Bremges et al. (2015). GigaScience, 4:33. doi:10.1186/s13742-015-0073-6

Data availablility

Raw sequencing data are available in the European Nucleotide Archive (ENA) under study accession PRJEB8813.
The datasets supporting the results of our manuscript are available in GigaScience's GigaDB:

Bremges et al. (2015). GigaScience Database. doi:10.5524/100151

Reproducibility

Excluding the KEGG analysis, which relies on a commercial license of the KEGG database, all steps are performed using free and open-source software.

Makefile

The complete workflow is organized in a single GNU Makefile. It downloads all data and re-runs all analysis steps (w/o the time-consuming BLASTP search against KEGG, for that please adjust the Makefile). All data and results can be reproduced by a simple invocation of make.

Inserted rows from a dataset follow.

section \<open>Reduction of D^(p^2) f modulo p^2\<close>

definition pqr_in_Zp :: "nat \<Rightarrow> pqr \<Rightarrow> bool" where
  "pqr_in_Zp p F \<longleftrightarrow> (\<forall>a b c. in_Zp p (coeffPQR F a b c))"

lemma pqr_in_Zp_Dop:
  assumes "prime p" "p \<ge> 5" "pqr_in_Zp p F"
  shows "pqr_in_Zp p (Dop F)"
proof -
  have in_Zp_fractions: "in_Zp p (1/12)" "in_Zp p (1/3)" "in_Zp p (1/2)"
    using in_Zp_divide_12_power[OF assms(1,2) in_Zp_1, of 1]
      in_Zp_divide_2_3_powers[OF assms(1,2) in_Zp_1, of 0 1]
      in_Zp_divide_2_3_powers[OF assms(1,2) in_Zp_1, of 1 0] by simp_all
  have cst_mult: "pqr_in_Zp p (cst r * G)" if "in_Zp p r" "pqr_in_Zp p G" for r G
    using that unfolding pqr_in_Zp_def by (simp add: in_Zp_mult)
  have add_diff: "pqr_in_Zp p (G + H)" "pqr_in_Zp p (G - H)"
    if "pqr_in_Zp p G" "pqr_in_Zp p H" for G H
    using that unfolding pqr_in_Zp_def by (simp_all add: in_Zp_add in_Zp_diff)
  have var_mult_deriv: "pqr_in_Zp p (varP * G)" "pqr_in_Zp p (varQ * G)" "pqr_in_Zp p (varR * G)"
    "pqr_in_Zp p (dP G)" "pqr_in_Zp p (dQ G)" "pqr_in_Zp p (dR G)"
    if "pqr_in_Zp p G" for G
    using that unfolding pqr_in_Zp_def by (simp_all del: of_nat_Suc add: in_Zp_mult)
  show ?thesis
    unfolding Dop_expand by (intro cst_mult add_diff var_mult_deriv assms(3) in_Zp_fractions)
qed

lemma pqr_in_Zp_Dop_funpow:
  "prime p \<Longrightarrow> p \<ge> 5 \<Longrightarrow> pqr_in_Zp p f \<Longrightarrow> pqr_in_Zp p ((Dop ^^ m) f)"
  by (induction m) (simp_all add: pqr_in_Zp_Dop)

lemma in_Zp_coeffPQR_Dop_funpow_Suc_divide:
  assumes "prime p" "p \<ge> 5" "modular_form k f" "pqr_in_Zp p f" "N > 0"
  shows "in_Zp p (coeffPQR ((Dop ^^ N) f) (Suc j) b c / of_nat N)"
proof -
  have "coeffPQR ((Dop ^^ N) f) (Suc j) b c / of_nat N =
      fact j * of_nat ((N - 1) choose j) * of_nat ((k + N - 1) choose Suc j)
        * coeffPQR ((Dop ^^ (N - Suc j)) f) 0 b c / 12 ^ Suc j"
    using assms(5) coeffPQR_Dop_funpow_Suc[OF modular_form_dP modular_form_isobaric, OF assms(3,3)]
    by simp
  moreover have "in_Zp p (coeffPQR ((Dop ^^ (N - Suc j)) f) 0 b c)"
    using pqr_in_Zp_Dop_funpow[OF assms(1,2,4)] unfolding pqr_in_Zp_def by blast
  then have "in_Zp p (fact j * of_nat ((N - 1) choose j) * of_nat ((k + N - 1) choose Suc j)
      * coeffPQR ((Dop ^^ (N - Suc j)) f) 0 b c)"
    using in_Zp_of_nat[of p "fact j"] by (simp add: in_Zp_mult)
  ultimately show ?thesis by (metis in_Zp_divide_12_power[OF assms(1,2)])
qed

theorem lemma3p10:
  fixes p k :: nat and f :: pqr
  assumes "prime p" and "p \<ge> 5"
    and "modular_form k f" and "integral_fourier f"
  shows "modform_mod_p2 p ((Dop ^^ (p ^ 2)) f)"
proof -
  have Zp_f: "pqr_in_Zp p f"
    unfolding pqr_in_Zp_def using modular_form_coeff_in_Zp[OF assms] by blast
  have "in_Zp p (coeffPQR ((Dop ^^ (p ^ 2)) f) a b c)" for a b c
    using pqr_in_Zp_Dop_funpow[OF assms(1,2) Zp_f] unfolding pqr_in_Zp_def by blast
  moreover have "in_Zp p (coeffPQR ((Dop ^^ (p ^ 2)) f) a b c / of_nat (p ^ 2))"
    if "a > 0" for a b c
    using that in_Zp_coeffPQR_Dop_funpow_Suc_divide[OF assms(1-3) Zp_f, of "p ^ 2"]
      prime_gt_0_nat[OF assms(1)] by (metis gr0_implies_Suc zero_less_power)
  ultimately show ?thesis unfolding modform_mod_p2_def by blast
qed

end
theorem proposition13:
  fixes k :: nat and p :: real
  assumes "k > 0" and "p = (real k + 1) / (real k + 2)"
  shows "(k > 1 \<longrightarrow> pi_val p p = success_prob p (bold_play p) p \<and> pi_val p p = p)
       \<and> (k = 1 \<longrightarrow> pi_val (2/3) (2/3) =
             success_prob (2/3) (\<lambda>i. if i < 3 then 1/3 else 0) (2/3))"
proof (intro conjI impI)
  assume "k > 1"
  have "p = 1 - 1 / real (k + 2)"
    using assms(2) by (simp add: field_simps)
  then show "pi_val p p = success_prob p (bold_play p) p" "pi_val p p = p"
    using pi_val_bold_play[of "k + 2"] \<open>k > 1\<close> by simp_all
next
  show "pi_val (2/3) (2/3) = success_prob (2/3) (\<lambda>i. if i < 3 then 1/3 else 0) (2/3)"
    by (rule pi_val_two_thirds)
qed

end
(* Let $\mathbb{A}$ be an epistemic Heyting algebra, let $\mathbb{E}=(E,(\sim_i),(P_i),\Phi,\mathsf{pre})$ be a probabilistic event structure over $\mathbb{A}$, and let $\mathbb{A}'=\prod_{\mathbb{E}}\mathbb{A}$ be the intermediate algebra. For every agent $i\in\mathsf{Ag}$, $$\mathsf{Min}_i(\mathbb{A}')=\{f_{e,a}\mid e\in E\text{ and }a\in\mathsf{Min}_i(\mathbb{A})\},$$ where for $e\in E$ and $a\in\mathsf{Min}_i(\mathbb{A})$, $f_{e,a}:E\to\mathbb{A}$ is given by $f_{e,a}(e')=a$ if $e'\sim_i e$ and $f_{e,a}(e')=\bot$ otherwise.
   Context: Fix a set $\mathsf{Ag}$ of agents. A monadic Heyting algebra is a Heyting algebra $\mathbb{L}$ with, for each $i\in\mathsf{Ag}$, monotone unary operations $\lozenge_i,\Box_i$ such that for all $a,b$: $a\leq\lozenge_i a$; $\Box_i a\leq a$; $\lozenge_i(a\vee b)\leq\lozenge_i a\vee\lozenge_i b$; $\Box_i(a\to b)\leq\Box_i a\to\Box_i b$; $\lozenge_i a\leq\Box_i\lozenge_i a$; $\lozenge_i\Box_i a\leq\Box_i a$; $\Box_i(a\to b)\leq\lozenge_i a\to\lozenge_i b$; $\lozenge_i\bot\leq\bot$; $\top\leq\Box_i\top$. An epistemic Heyting algebra is a finite monadic Heyting algebra with $\lozenge_i a\vee\neg\lozenge_i a=\top$ for all $i,a$. An element $a$ is $i$-minimal if $a\neq\bot$, $\lozenge_i a=a$, and whenever $b<a$ and $\lozenge_i b=b$ then $b=\bot$; $\mathsf{Min}_i(\mathbb{A})$ is the set of $i$-minimal elements. A pre-ordered multiset on a set $X$ is a multiset of elements of $X$ in which the copies $x_1,\dots,x_n$ of any element carry the linear order $x_1\prec\cdots\prec x_n$. A probabilistic event structure over $\mathbb{A}$ is a tuple $(E,(\sim_i),(P_i),\Phi,\mathsf{pre})$ where: $E$ is a non-empty finite set; each $\sim_i$ is an equivalence relation on $E$; each $P_i:E\to\,]0,1]$ satisfies $\sum\{P_i(e')\mid e'\sim_i e\}=1$; $\Phi$ is a finite pre-ordered multiset on $\mathbb{A}$ such that any $a,b\in\Phi$ arising from distinct elements satisfy $a\wedge b=\bot$ or $a<b$ or $b<a$; $\mathsf{pre}(\bullet\mid a)$ is a probability distribution on $E$ for each $a\in\Phi$; and if $\mathsf{pre}(e\mid a)=0$ then $\mathsf{pre}(e\mid b)=0$ for all $b\in\Phi$ with $a<b$ (distinct elements) or $a\prec b$ (copies of the same element). The intermediate algebra $\mathbb{A}'=\prod_{\mathbb{E}}\mathbb{A}$ has as carrier all maps $f:E\to\mathbb{A}$ with pointwise Heyting operations, and $(\lozenge'_i f)(e)=\bigvee\{\lozenge_i f(e')\mid e'\sim_i e\}$, $(\Box'_i f)(e)=\bigwedge\{\Box_i f(e')\mid e'\sim_i e\}$; $i$-minimality in $\mathbb{A}'$ is with respect to $\lozenge'_i$. *)

theory Defs
  imports Complex_Main "HOL-Library.Multiset"
begin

By default, the metagenome assembly (Ray Meta) will run with 48 threads. Read preprocessing (Trimmomatic) and mapping (Bowtie2) with 8 threads each. This suits e.g. a single-node machine with 48 cores and parallel execution of make with make -j. Please adjust the default values accordingly.

Note: Ray Meta is nondeterministic on 2 or more cores, and thus the assembly results will slightly vary from run to run. Downstream analyses will be affected by this, but the results are of comparable quality and mostly consistent.

Docker container

@pbelmann implemented and tested the accompanying Docker container.

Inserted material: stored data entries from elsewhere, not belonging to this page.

lemma ideal_line_iff_gen_subset: "ideal \<theta> smul (line smul a) \<longleftrightarrow> gen \<theta> smul a \<subseteq> line smul a"
proof (cases \<theta>)
  case PreTwoSided
  have "{a * c + d * a |c d. True} \<subseteq> line smul a \<longleftrightarrow>
      (\<forall>c. c * a \<in> line smul a) \<and> (\<forall>c. a * c \<in> line smul a)"
  proof
    assume sums: "{a * c + d * a |c d. True} \<subseteq> line smul a"
    have "a * 0 + c * a \<in> line smul a" "a * c + 0 * a \<in> line smul a" for c
      using sums by blast+
    then show "(\<forall>c. c * a \<in> line smul a) \<and> (\<forall>c. a * c \<in> line smul a)"
      by simp
  next
    assume "(\<forall>c. c * a \<in> line smul a) \<and> (\<forall>c. a * c \<in> line smul a)"
    then show "{a * c + d * a |c d. True} \<subseteq> line smul a"
      using subspace_add[OF subspace_line] by blast
  qed
  then show ?thesis
    unfolding ideal_line_iff by (simp add: PreTwoSided)
next
  case TwoSided
  have "gen TwoSided smul a \<subseteq> line smul a" if "ideal TwoSided smul (line smul a)"
    unfolding gen.simps by (intro Inter_lower CollectI conjI that self_mem_line)
  moreover have "ideal TwoSided smul (line smul a)" if "gen TwoSided smul a \<subseteq> line smul a"
  proof -
    have "line smul a = gen TwoSided smul a"
      using line_subset_gen that by (rule subset_antisym)
    then show ?thesis
      using ideal_gen_two_sided[of a] by (simp only:)
  qed
  ultimately show ?thesis
    unfolding TwoSided by (rule iffI)
next
  case Left
  have "(\<forall>c. c * a \<in> line smul a) \<longleftrightarrow> {c * a |c. True} \<subseteq> line smul a"
    by blast
  then show ?thesis
    unfolding Left ideal_line_iff gen.simps by simp
next
  case Right
  have "(\<forall>c. a * c \<in> line smul a) \<longleftrightarrow> {a * c |c. True} \<subseteq> line smul a"
    by blast
  then show ?thesis
    unfolding Right ideal_line_iff gen.simps by simp
qed

lemma ideal_line_iff_line_eq_gen: "ideal \<theta> smul (line smul a) \<longleftrightarrow> line smul a = gen \<theta> smul a"
  using ideal_line_iff_gen_subset line_subset_gen[of a \<theta>] by blast

end

theorem proposition4p8:
  fixes smul :: "'k::field \<Rightarrow> 'a::ring_1 \<Rightarrow> 'a"
    and \<theta> :: mtype and a :: 'a
  assumes "is_algebra smul"
    and "a \<noteq> 0"
  shows "(mathieu \<theta> smul (line smul a) \<longleftrightarrow>
            (ideal \<theta> smul (line smul a) \<or> \<not> quasi_idempotent smul a))
         \<and> (ideal \<theta> smul (line smul a) \<longleftrightarrow> line smul a = gen \<theta> smul a)"
proof -
  interpret k_algebra smul
    using assms(1) by unfold_locales
  show ?thesis
    using mathieu_line_iff ideal_line_iff_line_eq_gen by blast
qed

end
(* Fix $T>0$ and $d\in\{1,2,3\}$. There is a constant $\tilde C_u^{(d)}$ depending only on $d$ and $T$ such that $$\int_0^t\int_{\mathbb R^d}\big|K^{\mathrm{LKS}}_{t-s;x}-K^{\mathrm{LKS}}_{r-s;x}\big|^2dx\,ds\le\tilde C_u^{(d)}(t-r)^{\frac{4-d}{4}},\qquad 0<r<t\le T,$$ with the convention $K^{\mathrm{LKS}}_{t;x}=0$ for $t<0$. The same estimate holds, with a possibly different constant, with $K^{\mathrm{LKS}}$ replaced by $K^{\mathrm{SFO}}$.
   Context: $K^{\mathrm{LKS}}_{t;x}=(2\pi)^{-d}\int_{\mathbb R^d}e^{-\frac t8(-2+|\xi|^2)^2}\cos(\xi\cdot x)d\xi$ and $K^{\mathrm{SFO}}_{t;x}=(2\pi)^{-d}\int_{\mathbb R^d}e^{-\frac t8|\xi|^4}\cos(\xi\cdot x)d\xi$, $t>0$. *)

theory Defs
  imports "HOL-Analysis.Analysis"
begin

text \<open>Kernels on R^d, with d = CARD('n); convention K_t = 0 for t < 0.
  The xi-integral is the Lebesgue (Bochner) integral over lborel.\<close>

definition K_LKS :: "real \<Rightarrow> real ^ 'n \<Rightarrow> real" where
  "K_LKS t x = (if t < 0 then 0 else
     (1 / (2 * pi) ^ CARD('n)) *
     (\<integral> \<xi>. exp (- (t / 8) * (- 2 + (norm \<xi>)^2)^2) * cos (\<xi> \<bullet> x) \<partial>lborel))"

definition K_SFO :: "real \<Rightarrow> real ^ 'n \<Rightarrow> real" where
  "K_SFO t x = (if t < 0 then 0 else
     (1 / (2 * pi) ^ CARD('n)) *
     (\<integral> \<xi>. exp (- (t / 8) * (norm \<xi>)^4) * cos (\<xi> \<bullet> x) \<partial>lborel))"

end

theory Submission
  imports Defs "HOL-Probability.Probability" "HOL-Real_Asymp.Real_Asymp"
begin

  1. docker pull metagenomics/2015-biogas-cebitec
  2. docker run -v /path/to/workspace/directory:/home/biogas/data metagenomics/2015-biogas-cebitec

Note: The workspace directory, /path/to/workspace/directory, mounted to the container should be on a volume with >83GB space.
After the container finished, all results can be found in here.

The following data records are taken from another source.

(* In the discrete setting of the context, consider the semi-discrete scheme with free-surface penalty terms $$\widetilde{\mathbf{P}}^{-1}\frac{d\mathbf{Q}}{dt}=\sum_{\xi}D_{-\xi}\,\mathbf{F}_\xi(\mathbf{Q})+\sum_{\xi}\mathbf{B}^h_\xi(\mathbf{Q})+\sum_{\xi}\big(\mathbf{SAT}_{\xi,0}+\mathbf{SAT}_{\xi,n_\xi}\big),$$ where, for each $\xi\in\{q,r,s\}$, $\mathbf{SAT}_{\xi,0}$ vanishes except at grid points with $\xi$-index $0$, where it equals $\frac{1}{h^{(\xi)}_0}J\sqrt{\xi_x^2+\xi_y^2+\xi_z^2}\,(T_x,T_y,T_z,0,0,0,0,0,0)^T$, and $\mathbf{SAT}_{\xi,n_\xi}$ vanishes except at grid points with $\xi$-index $n_\xi$, where it equals $-\frac{1}{h^{(\xi)}_{n_\xi}}J\sqrt{\xi_x^2+\xi_y^2+\xi_z^2}\,(T_x,T_y,T_z,0,0,0,0,0,0)^T$; here $\mathbf{T}=\boldsymbol\sigma_{\mathrm{mat}}\mathbf{n}$, $\mathbf{n}=(\xi_x,\xi_y,\xi_z)^T/\sqrt{\xi_x^2+\xi_y^2+\xi_z^2}$ (so $J\sqrt{\xi_x^2+\xi_y^2+\xi_z^2}\,\mathbf{T}$ equals the first three entries of $\mathbf{F}_\xi(\mathbf{Q})$). Then every differentiable solution satisfies $\dfrac{dE_h}{dt}=0$.
   Context: Discrete setting: for $\xi\in\{q,r,s\}$ fix $n_\xi\ge1$, a diagonal matrix $H_\xi=\mathrm{diag}(h^{(\xi)}_0,\dots,h^{(\xi)}_{n_\xi})$ with positive entries, and real $(n_\xi+1)\times(n_\xi+1)$ matrices $D_{+\xi},D_{-\xi}$ with $(D_{+\xi}f)^TH_\xi g+f^TH_\xi(D_{-\xi}g)=f_{n_\xi}g_{n_\xi}-f_0g_0$ for all $f,g\in\mathbb{R}^{n_\xi+1}$. A 3D grid function $f=(f_{ijk})$ has $0\le i\le n_q$, $0\le j\le n_r$, $0\le k\le n_s$; $D_{\pm q}$ acts on the index $i$, i.e. $(D_{\pm q}f)_{ijk}=\sum_{i'}(D_{\pm q})_{ii'}f_{i'jk}$, and similarly $D_{\pm r}$ on $j$ and $D_{\pm s}$ on $k$; applied to vector-valued grid functions they act componentwise. Given are grid functions $J_{ijk}>0$, for each $\xi$ metric values $(\xi_x,\xi_y,\xi_z)_{ijk}\in\mathbb{R}^3\setminus\{0\}$, density $\rho_{ijk}>0$ and symmetric positive definite $6\times6$ compliance matrices $\mathbf{S}_{ijk}$; $\widetilde{\mathbf{P}}^{-1}_{ijk}=J_{ijk}\,\mathrm{diag}(\rho_{ijk}I_3,\mathbf{S}_{ijk})$. The unknown is $\mathbf{Q}_{ijk}=(\mathbf{v},\boldsymbol\sigma)_{ijk}$ with $\mathbf{v}=(v_x,v_y,v_z)$, $\boldsymbol\sigma=(\sigma_{xx},\sigma_{yy},\sigma_{zz},\sigma_{xy},\sigma_{xz},\sigma_{yz})$, and $\boldsymbol\sigma_{\mathrm{mat}}$ the symmetric $3\times3$ stress matrix. Pointwise flux: $\mathbf{F}_\xi(\mathbf{Q})$ has first three entries $J(\xi_x\sigma_{xx}+\xi_y\sigma_{xy}+\xi_z\sigma_{xz})$, $J(\xi_x\sigma_{xy}+\xi_y\sigma_{yy}+\xi_z\sigma_{yz})$, $J(\xi_x\sigma_{xz}+\xi_y\sigma_{yz}+\xi_z\sigma_{zz})$ and last six entries $0$. Discrete non-conservative term: with $w_\alpha=D_{+\xi}v_\alpha$, $\mathbf{B}^h_\xi(\mathbf{Q})$ has first three entries $0$ and entries 4–9 equal to $J\xi_xw_x$, $J\xi_yw_y$, $J\xi_zw_z$, $J(\xi_yw_x+\xi_xw_y)$, $J(\xi_zw_x+\xi_xw_z)$, $J(\xi_zw_y+\xi_yw_z)$. Discrete energy: $E_h=\frac12\sum_{i,j,k}h^{(q)}_ih^{(r)}_jh^{(s)}_k\,\mathbf{Q}_{ijk}^T\widetilde{\mathbf{P}}^{-1}_{ijk}\mathbf{Q}_{ijk}$. *)

theory Defs
  imports Complex_Main
begin
theorem theorem3p7:
  fixes N :: nat and m m' :: real
  assumes "m \<in> RanmN N" and "m' \<in> RanmN N"
  shows "w1 (mu_MC N m) (mu_MC N m') N = \<bar>m' - m\<bar>"
proof -
  let ?costs = "{measure_pmf.expectation \<gamma> (specific_l1_distance N) | \<gamma>.
                  is_coupling \<gamma> (mu_MC N m) (mu_MC N m')}"
  obtain \<gamma> where \<gamma>: "is_coupling \<gamma> (mu_MC N m) (mu_MC N m')"
    and comparable: "\<And>\<phi> \<psi>. (\<phi>, \<psi>) \<in> set_pmf \<gamma> \<Longrightarrow> (\<forall>x<N. \<phi> x \<le> \<psi> x) \<or> (\<forall>x<N. \<psi> x \<le> \<phi> x)"
    using comparable_coupling_mu_MC[OF assms] by blast
  have "measure_pmf.expectation \<gamma> (specific_l1_distance N) = \<bar>m' - m\<bar>"
    using set_pmf_coupling_mu_MC(1)[OF assms \<gamma>] comparable specific_l1_distance_comparable
    by (intro expectation_eq_const_on_support) (force simp: spins_m_def)
  then have "\<bar>m' - m\<bar> \<in> ?costs" using \<gamma> by force
  moreover have "\<bar>m' - m\<bar> \<le> e" if "e \<in> ?costs" for e
    using that expectation_coupling_mu_MC_ge[OF assms] by blast
  ultimately show ?thesis
    unfolding w1_eq_Inf_specific_l1_distance by (rule cInf_eq_minimum)
qed

end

Per default the container runs with 8 threads (and a serial execution of make).
You can change this by specifying --threads=NUMBER after the name, e.g.
docker run -v /path/to/workspace/directory:/home/biogas/data metagenomics/2015-biogas-cebitec --threads=32

Docker on AWS

We tested the Docker container on an r3.8xlarge instance with 32 Cores, 244GB RAM and a 320GB SSD volume. On such an instance, setting --threads=32, execution takes less than 24 hours to complete (21 hours and 16 minutes in our latest test). It should work on smaller instances, too: reproduction requires roughly 89GB memory and 83GB storage.

Steps by step guide:

  1. Choose an instance with >83GB local volume size or mount an additional volume (>83GB) using the description provided by AWS: http://docs.aws.amazon.com/AWSEC2/latest/UserGuide/ec2-add-volume-to-instance.html

  2. Run sudo apt-get update

  3. Install the newest docker version by using the description on docker.com:
    https://docs.docker.com/installation/ubuntulinux/
    (This image is tested with Docker version 1.6)

  4. Start the container with
    sudo docker run -v /path/to/workspace/directory:/home/biogas/data metagenomics/2015-biogas-cebitec, where /path/to/workspace/directory is the path to a directory in your local storage volume or in a volume you mounted to your instance (see step 1). Set the number of threads to the number of available cores to fully utilize your instance.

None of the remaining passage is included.